Metal halide perovskite materials, with their high stability and excellent optical properties, have attracted considerable attention and research in the field of optoelectronic devices. Especially in recent years, the research of green and red perovskite light-emitting diodes (PeLEDs) has made remarkable progress. However, the development of blue PeLEDs has lagged behind that of green and red PeLEDs, and is much less efficient, limiting the applications of perovskite light-emitting devices in color displays and solid-state lighting. One of the main reasons is the mismatch between the energy levels of the hole transporting layer and the blue perovskite material.
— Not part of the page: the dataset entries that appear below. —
lemma open_vimage_chordal_continuous:
  assumes "chordal_continuous \<kappa>" "sphere_open X"
  shows "open {z. \<kappa> z \<in> X}"
proof (rule open_subopen[THEN iffD2], rule ballI)
  fix z assume "z \<in> {z. \<kappa> z \<in> X}"
  then obtain e where e: "e > 0" "\<forall>q. chordal (\<kappa> z) q < e \<longrightarrow> q \<in> X"
    using assms(2) unfolding sphere_open_def by blast
  have "eventually (\<lambda>w. chordal (\<kappa> z) (\<kappa> w) < e) (nhds z)"
    using assms(1) e(1) unfolding chordal_continuous_def by blast
  then obtain T where "open T" "z \<in> T" "\<forall>w\<in>T. chordal (\<kappa> z) (\<kappa> w) < e"
    unfolding eventually_nhds by blast
  then show "\<exists>T. open T \<and> z \<in> T \<and> T \<subseteq> {z. \<kappa> z \<in> X}" using e(2) by blast
qed

lemma sphere_connected_image:
  assumes "chordal_continuous \<kappa>" "connected T"
  shows "sphere_connected (\<kappa> ` T)"
  unfolding sphere_connected_def
proof
  assume "\<exists>A B. sphere_open A \<and> sphere_open B \<and> \<kappa> ` T \<subseteq> A \<union> B \<and>
      A \<inter> B \<inter> \<kappa> ` T = {} \<and> A \<inter> \<kappa> ` T \<noteq> {} \<and> B \<inter> \<kappa> ` T \<noteq> {}"
  then obtain A B where AB: "sphere_open A" "sphere_open B" "\<kappa> ` T \<subseteq> A \<union> B"
      "A \<inter> B \<inter> \<kappa> ` T = {}" "A \<inter> \<kappa> ` T \<noteq> {}" "B \<inter> \<kappa> ` T \<noteq> {}" by blast
  have "{z. \<kappa> z \<in> A} \<inter> T = {} \<or> {z. \<kappa> z \<in> B} \<inter> T = {}"
    by (rule connectedD[OF assms(2)
          open_vimage_chordal_continuous[OF assms(1) AB(1)]
          open_vimage_chordal_continuous[OF assms(1) AB(2)]])
      (use AB(3,4) in blast)+
  then show False using AB(5,6) by blast
qed

lemma sphere_connected_Un:
  assumes "sphere_connected A" "sphere_connected B" "p \<in> A" "p \<in> B"
  shows "sphere_connected (A \<union> B)"
  unfolding sphere_connected_def
proof
  assume "\<exists>X Y. sphere_open X \<and> sphere_open Y \<and> A \<union> B \<subseteq> X \<union> Y \<and>
      X \<inter> Y \<inter> (A \<union> B) = {} \<and> X \<inter> (A \<union> B) \<noteq> {} \<and> Y \<inter> (A \<union> B) \<noteq> {}"
  then obtain X Y where XY: "sphere_open X" "sphere_open Y" "A \<union> B \<subseteq> X \<union> Y"
      "X \<inter> Y \<inter> (A \<union> B) = {}" "X \<inter> (A \<union> B) \<noteq> {}" "Y \<inter> (A \<union> B) \<noteq> {}" by blast
  have side: "S \<subseteq> X \<or> S \<subseteq> Y" if "sphere_connected S" "S \<subseteq> A \<union> B" for S
  proof -
    have "S \<subseteq> X \<union> Y" "X \<inter> Y \<inter> S = {}" using that(2) XY(3,4) by blast+
    then have "\<not> (X \<inter> S \<noteq> {} \<and> Y \<inter> S \<noteq> {})"
      using that(1) XY(1,2) unfolding sphere_connected_def by blast
    then show ?thesis using \<open>S \<subseteq> X \<union> Y\<close> by blast
  qed
  have "A \<subseteq> X \<or> A \<subseteq> Y" "B \<subseteq> X \<or> B \<subseteq> Y" using side assms(1,2) by blast+
  then show False using XY(4,5,6) assms(3,4) by blast
qed

lemma fatou_component_contains_image_ball:
  assumes "fatou_component F U" "\<kappa> z0 \<in> U" "chordal_continuous \<kappa>"
  obtains r where "r > 0" "\<kappa> ` ball z0 r \<subseteq> U"
proof -
  have "\<kappa> z0 \<in> fatou_set F" using assms(1,2) unfolding fatou_component_def by blast
  then obtain V where V: "sphere_open V" "\<kappa> z0 \<in> V" "normal_iterates_on F V"
    unfolding fatou_set_def by blast
  then have "V \<subseteq> fatou_set F" unfolding fatou_set_def by blast
  obtain e where e: "e > 0" "\<forall>q. chordal (\<kappa> z0) q < e \<longrightarrow> q \<in> V"
    using V unfolding sphere_open_def by blast
  have "eventually (\<lambda>w. chordal (\<kappa> z0) (\<kappa> w) < e) (nhds z0)"
    using assms(3) e(1) unfolding chordal_continuous_def by blast
  then obtain r where r: "r > 0" "\<forall>w. dist w z0 < r \<longrightarrow> chordal (\<kappa> z0) (\<kappa> w) < e"
    unfolding eventually_nhds_metric by blast
  define W where "W = \<kappa> ` ball z0 r"
  have "W \<subseteq> V" using r e unfolding W_def by (auto simp: dist_commute)
  have "\<kappa> z0 \<in> W" using r unfolding W_def by simp
  then have "sphere_connected (U \<union> W)"
    using sphere_connected_Un[OF _ sphere_connected_image[OF assms(3) connected_ball] assms(2)]
      assms(1) unfolding fatou_component_def W_def by blast
  moreover have "U \<union> W \<subseteq> fatou_set F"
    using \<open>W \<subseteq> V\<close> \<open>V \<subseteq> fatou_set F\<close> assms(1) unfolding fatou_component_def by blast
  ultimately have "U \<union> W = U" using assms(1) unfolding fatou_component_def by blast
  then show ?thesis using that r W_def by blast
qed

lemma chordal_Some_Some_le: "chordal (Some z) (Some w) \<le> 2 * cmod (z - w)"
proof -
  have s: "1 \<le> sqrt (1 + (cmod z)\<^sup>2)" "1 \<le> sqrt (1 + (cmod w)\<^sup>2)" by auto
  then have "1 \<le> sqrt (1 + (cmod z)\<^sup>2) * sqrt (1 + (cmod w)\<^sup>2)"
    using mult_mono[OF s] by simp
  then show ?thesis unfolding chordal_def
    by (simp add: divide_le_eq mult_le_cancel_left1)
qed

lemma chordal_None_Some_inverse_le:
  assumes "w \<noteq> 0"
  shows "chordal None (Some (1 / w)) \<le> 2 * cmod w"
proof -
  have pos: "cmod (1 / w) > 0" using assms by simp
  have "cmod (1 / w) \<le> sqrt (1 + (cmod (1 / w))\<^sup>2)" by (rule real_le_rsqrt) simp
  then have "2 / sqrt (1 + (cmod (1 / w))\<^sup>2) \<le> 2 / cmod (1 / w)"
  proof (rule divide_left_mono)
    show "0 < sqrt (1 + (cmod (1 / w))\<^sup>2) * cmod (1 / w)"
      using pos by (intro mult_pos_pos) (auto intro: add_pos_nonneg)
  qed simp
  also have "\<dots> = 2 * cmod w" using assms by (simp add: norm_divide)
  finally show ?thesis unfolding chordal_def by simp
qed

lemma chordal_continuous_Some: "chordal_continuous Some"
  unfolding chordal_continuous_def
proof (intro allI impI)
  fix z :: complex and e :: real assume "e > 0"
  then have "eventually (\<lambda>w. dist w z < e / 2) (nhds z)"
    unfolding eventually_nhds_metric by (intro exI[of _ "e / 2"]) auto
  then show "eventually (\<lambda>w. chordal (Some z) (Some w) < e) (nhds z)"
  proof eventually_elim
    case (elim w)
    then show ?case
      using chordal_Some_Some_le[of z w] by (simp add: dist_norm norm_minus_commute)
  qed
qed

lemma chordal_continuous_inf_chart: "chordal_continuous inf_chart"
  unfolding chordal_continuous_def
proof (intro allI impI)
  fix z :: complex and e :: real assume e: "e > 0"
  show "eventually (\<lambda>w. chordal (inf_chart z) (inf_chart w) < e) (nhds z)"
  proof (cases "z = 0")
    case True
    have "eventually (\<lambda>w. dist w z < e / 2) (nhds z)"
      using e unfolding eventually_nhds_metric by (intro exI[of _ "e / 2"]) auto
    then show ?thesis
    proof eventually_elim
      case (elim w)
      show ?case
      proof (cases "w = 0")
        case True
        then show ?thesis using e \<open>z = 0\<close> by (simp add: inf_chart_def chordal_def)
      next
        case False
        then show ?thesis
          using chordal_None_Some_inverse_le[of w] elim \<open>z = 0\<close>
          by (simp add: inf_chart_def dist_norm)
      qed
    qed
  next
    case False
    have "((\<lambda>w. 1 / w) \<longlongrightarrow> 1 / z) (nhds z)"
      using False by (intro tendsto_intros filterlim_ident)
    then have "eventually (\<lambda>w. dist (1 / w) (1 / z) < e / 2) (nhds z)"
      using e unfolding tendsto_iff by (metis half_gt_zero)
    moreover have "eventually (\<lambda>w. w \<noteq> 0) (nhds z)"
      using False by (rule t1_space_nhds)
    ultimately show ?thesis
    proof eventually_elim
      case (elim w)
      then show ?case
        using chordal_Some_Some_le[of "1 / z" "1 / w"] False
        by (simp add: inf_chart_def dist_norm norm_minus_commute)
    qed
  qed
qed

definition sphere_chart :: "complex option \<Rightarrow> complex \<Rightarrow> complex option" where
  "sphere_chart p = (case p of Some _ \<Rightarrow> Some | None \<Rightarrow> inf_chart)"

definition chart_point :: "complex option \<Rightarrow> complex" where
  "chart_point p = (case p of Some z \<Rightarrow> z | None \<Rightarrow> 0)"

definition chart_representative ::
  "(complex option \<Rightarrow> complex option) \<Rightarrow> complex option \<Rightarrow> (complex \<Rightarrow> complex) \<Rightarrow> bool" where
  "chart_representative F p g \<longleftrightarrow>
     eventually (\<lambda>z. F (sphere_chart p z) = sphere_chart p (g z)) (nhds (chart_point p))"

lemma sphere_chart_chart_point [simp]: "sphere_chart p (chart_point p) = p"
  by (cases p) (auto simp: sphere_chart_def chart_point_def inf_chart_def)

lemma inj_sphere_chart: "inj (sphere_chart p)"
  by (cases p) (auto simp: sphere_chart_def inj_def inf_chart_def split: if_splits)

lemma chordal_continuous_sphere_chart: "chordal_continuous (sphere_chart p)"
  by (cases p) (simp_all add: sphere_chart_def chordal_continuous_Some chordal_continuous_inf_chart)

lemma sphere_holomorphic_on_chart:
  "sphere_holomorphic_on \<phi> U \<Longrightarrow>
     (\<lambda>z. \<phi> (sphere_chart p z)) holomorphic_on {z. sphere_chart p z \<in> U}"
  by (cases p) (simp_all add: sphere_chart_def sphere_holomorphic_on_def)

lemma chart_representative_fixed:
  assumes "chart_representative F p g" "F p = p"
  shows "g (chart_point p) = chart_point p"
proof -
  have "sphere_chart p (g (chart_point p)) = sphere_chart p (chart_point p)"
    using eventually_nhds_x_imp_x[OF assms(1)[unfolded chart_representative_def]] assms(2)
    by simp
  then show ?thesis by (rule injD[OF inj_sphere_chart])
qed

lemma fixed_point_multiplier_eq_deriv:
  assumes "fixed_point_multiplier F p L" "chart_representative F p g"
    and "(g has_field_derivative L') (at (chart_point p))"
  shows "L = L'"
proof (cases p)
  case None
  \<comment> \<open>this also holds where \<open>g w = 0\<close>, as \<open>inf_chart 0 = None\<close> is read back as 0\<close>
  have "eventually (\<lambda>w. (case F (inf_chart w) of Some v \<Rightarrow> 1 / v | None \<Rightarrow> 0) = g w) (nhds 0)"
    using assms(2) None unfolding chart_representative_def
    by (simp add: sphere_chart_def chart_point_def)
      (elim eventually_mono, simp add: inf_chart_def)
  moreover have "((\<lambda>w. case F (inf_chart w) of Some v \<Rightarrow> 1 / v | None \<Rightarrow> 0)
      has_field_derivative L) (at 0)"
    using assms(1) None by (simp add: fixed_point_multiplier_def)
  ultimately have "(g has_field_derivative L) (at 0)"
    by (subst (asm) DERIV_cong_ev[OF refl _ refl])
  then show ?thesis using assms(3) None DERIV_unique by (auto simp: chart_point_def)
next
  case (Some z0)
  have "eventually (\<lambda>z. (case F (Some z) of Some v \<Rightarrow> v | None \<Rightarrow> 0) = g z) (nhds z0)"
    using assms(2) Some unfolding chart_representative_def
    by (simp add: sphere_chart_def chart_point_def) (elim eventually_mono, simp)
  moreover have "((\<lambda>z. case F (Some z) of Some v \<Rightarrow> v | None \<Rightarrow> 0)
      has_field_derivative L) (at z0)"
    using assms(1) Some by (simp add: fixed_point_multiplier_def)
  ultimately have "(g has_field_derivative L) (at z0)"
    by (subst (asm) DERIV_cong_ev[OF refl _ refl])
  then show ?thesis using assms(3) Some DERIV_unique by (auto simp: chart_point_def)
qed

lemma deriv_eq_of_conjugacy:
  fixes f g :: "complex \<Rightarrow> complex"
  assumes "f holomorphic_on ball z0 r" "r > 0" "inj_on f (ball z0 r)"
    and "(g has_field_derivative L) (at z0)" "g z0 = z0"
    and "eventually (\<lambda>z. f (g z) = e * f z) (nhds z0)"
  shows "L = e"
proof -
  have z0: "z0 \<in> ball z0 r" using assms(2) by simp
  have "deriv f z0 \<noteq> 0"
    by (rule holomorphic_injective_imp_regular[OF assms(1) open_ball assms(3) z0])
  have df: "(f has_field_derivative deriv f z0) (at z0)"
    by (rule holomorphic_derivI[OF assms(1) open_ball z0])
  have "((\<lambda>z. f (g z)) has_field_derivative deriv f z0 * L) (at z0)"
    using DERIV_chain[of f "deriv f z0" g z0 L] df assms(4,5) by (simp add: o_def)
  moreover have "((\<lambda>z. f (g z)) has_field_derivative e * deriv f z0) (at z0)"
    by (subst DERIV_cong_ev[OF refl assms(6) refl]) (rule DERIV_cmult[OF df])
  ultimately have "deriv f z0 * L = e * deriv f z0" using DERIV_unique by blast
  then show ?thesis using \<open>deriv f z0 \<noteq> 0\<close> by (simp add: mult.commute)
qed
In this study, we inhibited the non-radiative recombination between the interface of poly(3,4-ethylenedioxythiophene)-poly(styrenesulfonate) (PEDOT:PSS) and perovskite materials by first modifying the hole transporting layer material PEDOT:PSS with poly(sodium 4-styrenesulfonate) (PSS-Na) and potassium bromide (KBr). The quality of the perovskite layer film was improved by optimizing the fabrication process to reduce the roughness of the hole transporting layer film. Finally, perovskite light emitting devices are fabricated by vacuum evaporation. It is shown that the use of PSS-Na and KBr can effectively increase the hole transporting capacity and thus improve the overall performance of the PeLEDs device. Moreover, the blue PeLEDs prepared by PEDOT:PSS modified by PSS-Na alone have low on-voltage (only 3.3 V) and high external quantum efficiency (EQE) (up to 4.12%). With the further addition of KBr to the modified PEDOT:PSS of PSS-Na, the maximum EQE of the final blue PeLEDs reaches 6.25%, the on-chip voltage drops to 3 V, and the peak wavelength is 488 nm, which is a blue sky perovskite light emitting device. In addition, compared to other blue-emitting perovskite devices, this device also exhibits excellent spectral stability at different voltages. The efficiency and stability of perovskite light-emitting devices can be improved by modifying the hole transporting layer, showing the potential of perovskite light-emitting diodes for color displays and solid-state lighting.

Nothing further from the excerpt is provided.